Le calme revenu, plusieurs éléments démontreront que cette révolution éclair a en fait été préparée minutieusement par plusieurs groupes d'ex-militaires d'élite et des services spéciaux venus de Nis, Kraljevo, Novi Sad et surtout de Caçak, des villes de Serbie. La passivité des forces de police, pourtant dévouées au régime de Milosevic, leur faible nombre à Belgrade ce jour-là (3 000 policiers seulement alors que le pays en compte 110 000), laisse également à penser qu'au sein même du pouvoir en place, le renversement du tyran était à l'ordre du jour.
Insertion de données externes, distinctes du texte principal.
(* Consider the multi-agent setting, the problems $\mathrm{FTOCP}^{(m)}_k(\hat N)$ and the CMC procedure described in the context, with all agents $m=1,\dots,M$ operating in closed loop under the CMC procedure. If at time $k=0$ the CMC procedure succeeds for every agent, then the CMC procedure succeeds for every agent at every time $k=1,2,3,\dots$ (recursive feasibility).
   Context: Setting. Let $\Delta t>0$, $\bar a>0$, $\bar v>0$, $\rho>0$, integers $M\ge 2$ and $N\ge1$, and $\tilde N:=\lceil \bar v/(\bar a\Delta t)\rceil$ with $\tilde N\le N-1$ ($\lceil r\rceil$ = smallest integer $\ge r$). Each agent $m=1,\dots,M$ has state $\mathbf{s}^{(m)}_k=(\mathbf{p}^{(m)}_k,\mathbf{v}^{(m)}_k)\in\mathbb{R}^3\times\mathbb{R}^3$ (position, velocity) and input $\mathbf{a}^{(m)}_k\in\mathbb{R}^3$, with exact, disturbance-free dynamics $\mathbf{s}_{k+1}=\mathbf{A}\mathbf{s}_k+\mathbf{B}\mathbf{a}_k$, where $\mathbf{A}=\begin{bmatrix}I_3&\Delta t I_3\\0&I_3\end{bmatrix}$, $\mathbf{B}=\begin{bmatrix}\tfrac{(\Delta t)^2}{2}I_3\\ \Delta t I_3\end{bmatrix}$; initial velocities satisfy $\|\mathbf{v}^{(m)}_0\|_2\le\bar v$. Each agent is a ball of radius $\rho$ centred at its position. Each agent $m$ has a position constraint set $\mathbb{S}^{(m)}\subseteq\mathbb{R}^3$ and a cost function $J^{(m)}$ of its nominal inputs and states; whenever an FTOCP below is feasible it is assumed to have an optimal solution (denoted by a star). All agents share a synchronized clock, measure all agents' states exactly, and do not communicate. Reference contingency plan. For a state $(\mathbf{p},\mathbf{v})$ let $n=\lceil\|\mathbf{v}\|_2/(\bar a\Delta t)\rceil$. The reference contingency trajectory starts at $(\mathbf{p},\mathbf{v})$ and applies the input $-\mathbf{v}/(n\Delta t)$ for steps $0,\dots,n-1$ and $\mathbf{0}$ afterwards (if $n=0$ the agent stays at $\mathbf{p}$). Denote by $\mathbf{r}^{(j)}_{i|k}$, $i=0,1,2,\dots$, the positions of the reference contingency trajectory computed from $\mathbf{s}^{(j)}_k$. Collision-avoidance constraint of agent $m$ w.r.t. agent $j\ne m$ at step $i$: with $d^{(j,m)}_{i|k}=\|\mathbf{r}^{(j)}_{i|k}-\mathbf{r}^{(m)}_{i|k}\|_2$, $\mathbf{g}^{(j,m)}_{i|k}=(\mathbf{r}^{(j)}_{i|k}-\mathbf{r}^{(m)}_{i|k})/d^{(j,m)}_{i|k}$ and $h^{(j,m)}_{i|k}=\mathbf{g}^{(j,m)\mathrm T}_{i|k}\mathbf{r}^{(m)}_{i|k}+\tfrac12 d^{(j,m)}_{i|k}-\rho$, a point $\mathbf{q}\in\mathbb{R}^3$ satisfies it iff $\mathbf{g}^{(j,m)\mathrm T}_{i|k}\mathbf{q}\le h^{(j,m)}_{i|k}$. (The FTOCP is well defined only when all these $d^{(j,m)}_{i|k}$ are nonzero.) $\mathrm{FTOCP}^{(m)}_k(\hat N)$, for an integer $\hat N\ge0$: minimize $J^{(m)}$ over $\mathbf{a}^{(m)}_{0|k},\dots,\mathbf{a}^{(m)}_{N-1|k}$ subject to: nominal states $\mathbf{s}^{(m)}_{0|k}=\mathbf{s}^{(m)}_k$, $\mathbf{s}^{(m)}_{i+1|k}=\mathbf{A}\mathbf{s}^{(m)}_{i|k}+\mathbf{B}\mathbf{a}^{(m)}_{i|k}$; $\|\mathbf{a}^{(m)}_{i|k}\|_2\le\bar a$ for $i=0,\dots,N-1$; the position of $\mathbf{s}^{(m)}_{i|k}$ lies in $\mathbb{S}^{(m)}$ for $i=1,\dots,N$; contingency states $\tilde{\mathbf{s}}^{(m)}_{1|k}=\mathbf{s}^{(m)}_{1|k}$, and, writing $\mathbf{v}^{(m)}_{1|k}$ for the velocity of $\mathbf{s}^{(m)}_{1|k}$, contingency inputs $\tilde{\mathbf{a}}^{(m)}_{i|k}=-\mathbf{v}^{(m)}_{1|k}/(\hat N\Delta t)$ and $\tilde{\mathbf{s}}^{(m)}_{i+1|k}=\mathbf{A}\tilde{\mathbf{s}}^{(m)}_{i|k}+\mathbf{B}\tilde{\mathbf{a}}^{(m)}_{i|k}$ for $i=1,\dots,\hat N$, and $\tilde{\mathbf{s}}^{(m)}_{i|k}=\tilde{\mathbf{s}}^{(m)}_{\hat N+1|k}$ for $\hat N+1<i\le N$; the position of $\tilde{\mathbf{s}}^{(m)}_{i|k}$ lies in $\mathbb{S}^{(m)}$ for $i=2,\dots,\hat N+1$; and for every $j\ne m$ and every $i=1,\dots,N$ the position of $\tilde{\mathbf{s}}^{(m)}_{i|k}$ satisfies the collision-avoidance constraint of agent $m$ w.r.t. $j$ at step $i$. CMC procedure of agent $m$ at time $k$. Let $\tilde N^{(m)}_k=\lceil\|\mathbf{v}^{(m)}_k\|_2/(\bar a\Delta t)\rceil$. Call a solution valid if its $\mathbf{v}^{(m)\star}_{1|k}$ satisfies $\lceil\|\mathbf{v}^{(m)\star}_{1|k}\|_2/(\bar a\Delta t)\rceil=\hat N$. (a) If $\tilde N^{(m)}_k<\tilde N$, solve $\mathrm{FTOCP}^{(m)}_k(\tilde N^{(m)}_k+1)$; if it is feasible and its optimal solution is valid, apply $\mathbf{a}^{(m)\star}_{0|k}$ and stop. (b) Otherwise solve $\mathrm{FTOCP}^{(m)}_k(\tilde N^{(m)}_k)$ with the additional constraint $\|\mathbf{v}^{(m)}_{1|k}\|_2\le\bar a\tilde N^{(m)}_k\Delta t$; if it is feasible and its optimal solution is valid, apply $\mathbf{a}^{(m)\star}_{0|k}$ and stop. (c) Otherwise (this step exists only when $\tilde N^{(m)}_k\ge1$) solve $\mathrm{FTOCP}^{(m)}_k(\tilde N^{(m)}_k-1)$ with the additional constraint $\|\mathbf{v}^{(m)}_{1|k}\|_2\le\bar a(\tilde N^{(m)}_k-1)\Delta t$ and apply $\mathbf{a}^{(m)\star}_{0|k}$. The procedure succeeds at time $k$ if it applies an input, i.e. if step (a) or (b) produces a valid optimal solution or the FTOCP in step (c) is (well defined and) feasible. In closed loop, $\mathbf{s}^{(m)}_{k+1}=\mathbf{A}\mathbf{s}^{(m)}_k+\mathbf{B}\mathbf{a}^{(m)\star}_{0|k}$ for every agent. *)

theory Defs
  imports "HOL-Analysis.Analysis"
begin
Milosevic déchu, la communauté internationale renoue aussitôt le dialogue avec Belgrade. Après une levée des sanctions dès le 5 octobre, celle-ci décide de rompre l'isolement de la Yougoslavie. Le 1er novembre, cette dernière est de nouveau admise à l'ONU, qu'elle avait quittée en 1992. Le 10, elle réintègre l'Organisation pour la sécurité et la coopération en Europe (OSCE), qui avait exclu le régime de Milosevic en 1992 en raison de son rôle dans la guerre de Bosnie. Deux jours plus tard, V. Kostunica se rend au Parlement européen à Strasbourg. Accueilli chaleureusement, le nouveau président exprime son souhait de voir la Yougoslavie devenir un jour membre de l'Union européenne.

Un pays ruiné

S. Milosevic laisse derrière lui un pays en ruine. Son ambition d'une « Grande Serbie » n'aura finalement provoqué que le chaos et le désespoir. Après les guerres contre la Croatie (1991) et la Bosnie (1992-1995), l'annexion avortée du Kosovo (1999) et les lourdes frappes de l'OTAN, la Yougoslavie est au bord de la faillite. Plus de 60 % des Serbes vivent sous le seuil de pauvreté, la production industrielle a chuté de 70 % et la dette extérieure du pays est estimée entre 12 et 14 milliards de dollars. Face à cette situation catastrophique, l'Union européenne décide, dès le 11 novembre, de débloquer une aide d'urgence de 173 millions de dollars. Cette aide, essentiellement du fioul et du gazole, vise dans un premier temps à stabiliser la démocratie. Mais, pour enrayer à court terme la détérioration de l'économie, les experts serbes évaluent l'aide d'urgence au double. Du côté des institutions financières internationales, l'heure est pour l'instant à l'étude d'un plan global à long terme. Selon le Haut Comité de pilotage pur les Balkans, structure créée pendant la guerre du Kosovo afin de coordonner les aides avec la Commission européenne et la Banque mondiale, Belgrade devrait normalement adhérer dès 2001 à la Banque européenne pour la reconstruction et le développement (BERD) et au Fonds monétaire international (FMI).